While the Big Red Machine of the 1970s might have been extremely good, it has nothing on the 2010 Yankees.
The Bronx Bombers have put together the best hitting infield of all time, and have done so in an un-Yankees manner. Although the Yankees have earned a reputation for buying their talent, the majority of this currently assembled infield is home grown talent.
Derek Jeter, Robinson Cano and Jorge Posada all came up through the Yankees farm system, while Mark Teixeira and Alex Rodriguez, who round out the five, were signed as free agents.
When it’s all said and done, all five players could end up in the Hall of Fame, although Posada is a long shot.
Statistically speaking, however, this 2010 Yankees infield might produce the best offensive numbers collectively of any group, all time.
And yes, that includes the Big Red Machine.
The Reds’ big five, in its prime, consisted of Johnny Bench (c), Tony Perez (1b), Joe Morgan (2b), Dave Concepción (ss), and Pete Rose (3b). The biggest difference between this group and the current Yankees is that this Reds bunch was collectively good throughout a decade, as opposed to one single year.
Rally beginning in 1972, members of the famed Reds teams began producing some of their best individual seasons. The only thing is, they never had their best seasons at the same time.
This Yankees' crew is different; they’re all having stellar 2010 seasons, including Mark Teixeira. Tex started off last season remarkably slow before turning it around, and finishing with a .292 batting average, 39 home runs, 103 runs scored, 122 RBI and was walked 81 times.
Teixeira, the statistical weak link of this Yankees group, is on pace to turn his dismal start around once more. Over the last month, the switch-hitting slugger has hit .259, with six home runs, 21 runs, 22 RBI and 14 walks.
As for the other Yankees, Posada (in roughly 100 officials at bats), is batting .323 with six homers, 16 runs, and 14 RBI; Cano—who is putting up MVP numbers—is batting .373 with 12 homers, 41 runs, and 43 RBI (not to mention a .632 slugging percentage; Jeter is batting .302 with five homers, 35 runs and 31 RBI; and Rodriguez is batting .300 with eight home runs, 33 runs and 43 RBI (and he’s already been walked 25 times).
The Big Red Machine probably had its best overall output in 1975, when Morgan won his first of back-to-back MVP awards. That season he hit .327, 17, 107 and 94, while stealing 67 bases.
The biggest difference between the individual players on Cincinnati and New York is the Reds were built around average and speed guys, who could also hit the ball out of the park on occasion.
The Yankees, on the other hand, are power hitters, who also hit for high average and can steal a base.

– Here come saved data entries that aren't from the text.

(* Let $R$ be a Noetherian Banach–Tate $\mathbb{Z}_p$-algebra with norm $|\cdot|$ and multiplicative pseudo-uniformizer $\varpi$, and let $\kappa:T_0\to R^\times$ be a continuous character. Then there exists a norm $|\cdot|'$ on $R$ making $R$ a Banach–Tate $\mathbb{Z}_p$-algebra, bounded-equivalent to $|\cdot|^s$ for some real $s>0$, such that $|\kappa(t)|'\le1$ for all $t\in T_0$, $|\kappa(t)-1|'<1$ for all $t\in T_\epsilon$, and $\varpi$ is a multiplicative pseudo-uniformizer for $|\cdot|'$.
   Context: $p$ prime, $\epsilon=1$ if $p\neq2$ and $\epsilon=2$ if $p=2$. $T_0=\mathbf{T}(\mathbb{Z}_p)$ where $\mathbf{T}=\prod_{v\mid p}\mathrm{Res}_{\mathcal{O}_{F_v}/\mathbb{Z}_p}\mathbf{T}_v$ for split tori $\mathbf{T}_v$ over $\mathcal{O}_{F_v}$ ($F$ a number field), and $T_\epsilon=\ker(T_0\to\mathbf{T}(\mathbb{Z}/p^\epsilon))$. Norms are non-archimedean, submultiplicative, $|1|=1$. A Banach–Tate $\mathbb{Z}_p$-algebra is a complete normed ring with a unit $\varpi$, $|\varpi|<1$, $|\varpi s|=|\varpi||s|$ for all $s$ (multiplicative pseudo-uniformizer), and a ring map $\mathbb{Z}_p\to R$ with $|x|\le|x|_p$. Norms $|\cdot|_1,|\cdot|_2$ are bounded-equivalent if $C_1|r|_1\le|r|_2\le C_2|r|_1$ for constants $C_1,C_2>0$. *)

theory Defs
  imports "HOL-Analysis.Analysis" "HOL-Computational_Algebra.Polynomial"
begin

text \<open>For a monic integer polynomial f, the ring Z_p[x]/(f) is modelled as the inverse
limit of the finite rings Z[x]/(p^n, f).  An element is a coherent sequence a of
canonical representatives: a n is a polynomial of degree < deg f with coefficients in
[0, p^n), and reducing a (Suc n) modulo p^n gives a n.\<close>

definition red :: "nat \<Rightarrow> nat \<Rightarrow> int poly \<Rightarrow> int poly \<Rightarrow> int poly" where
  "red p n f g = map_poly (\<lambda>c. c mod (int p ^ n)) (pseudo_mod g f)"

definition Ocarr :: "nat \<Rightarrow> int poly \<Rightarrow> (nat \<Rightarrow> int poly) set" where
  "Ocarr p f = {a. \<forall>n. red p n f (a n) = a n \<and> red p n f (a (Suc n)) = a n}"

definition Oadd :: "nat \<Rightarrow> int poly \<Rightarrow> (nat \<Rightarrow> int poly) \<Rightarrow> (nat \<Rightarrow> int poly) \<Rightarrow> (nat \<Rightarrow> int poly)" where
  "Oadd p f a b = (\<lambda>n. red p n f (a n + b n))"

definition Omult :: "nat \<Rightarrow> int poly \<Rightarrow> (nat \<Rightarrow> int poly) \<Rightarrow> (nat \<Rightarrow> int poly) \<Rightarrow> (nat \<Rightarrow> int poly)" where
  "Omult p f a b = (\<lambda>n. red p n f (a n * b n))"

definition Oone :: "nat \<Rightarrow> int poly \<Rightarrow> (nat \<Rightarrow> int poly)" where
  "Oone p f = (\<lambda>n. red p n f 1)"

definition Ozero :: "nat \<Rightarrow> int poly" where
  "Ozero = (\<lambda>n. 0)"

definition Ounits :: "nat \<Rightarrow> int poly \<Rightarrow> (nat \<Rightarrow> int poly) set" where
  "Ounits p f = {a \<in> Ocarr p f. \<exists>b \<in> Ocarr p f. Omult p f a b = Oone p f}"

text \<open>Z_p[x]/(f) is the ring of integers of a finite extension of Q_p iff it is a
discrete valuation ring: a domain whose non-units form a principal ideal.\<close>

definition is_local_int_ring :: "nat \<Rightarrow> int poly \<Rightarrow> bool" where
  "is_local_int_ring p f \<longleftrightarrow>
     lead_coeff f = 1 \<and> degree f \<ge> 1 \<and>
     (\<forall>a \<in> Ocarr p f. \<forall>b \<in> Ocarr p f. Omult p f a b = Ozero \<longrightarrow> a = Ozero \<or> b = Ozero) \<and>
     (\<exists>\<pi> \<in> Ocarr p f. \<forall>a \<in> Ocarr p f.
        a \<notin> Ounits p f \<longleftrightarrow> (\<exists>b \<in> Ocarr p f. a = Omult p f \<pi> b))"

(And before you begin hating on the Evil Empire for the stadium they play in, it should be mentioned that Cincinnati’s power allies—the distance from home plate to the right and left center field fences—were shorter than the ones in the new stadium in the Bronx.)
Clearly, we’re going to have to take a wait-and-see approach to determine if the 2010 Yankees can maintain this statistical success. Cano, like Morgan, may win the MVP as a second basemen, especially if he continues to produce at this rate.
Teixeira and Rodriguez should each hit at least 30 homers this season. During the 1970s, only once did teammates of the Big Red Machine hit at least 30 homers in the same season, and that was in 1970 when Bench and Perez each hit 40.
All in all, the Bombers should give the Reds a run for their money. With A-Rod—the active leader in career home runs—poised to reach 600 dingers soon, Cano potentially winning his first MVP Award, and the Yankees set for another title run, perhaps one more story can be written in the legendary Yankees history books in 2010.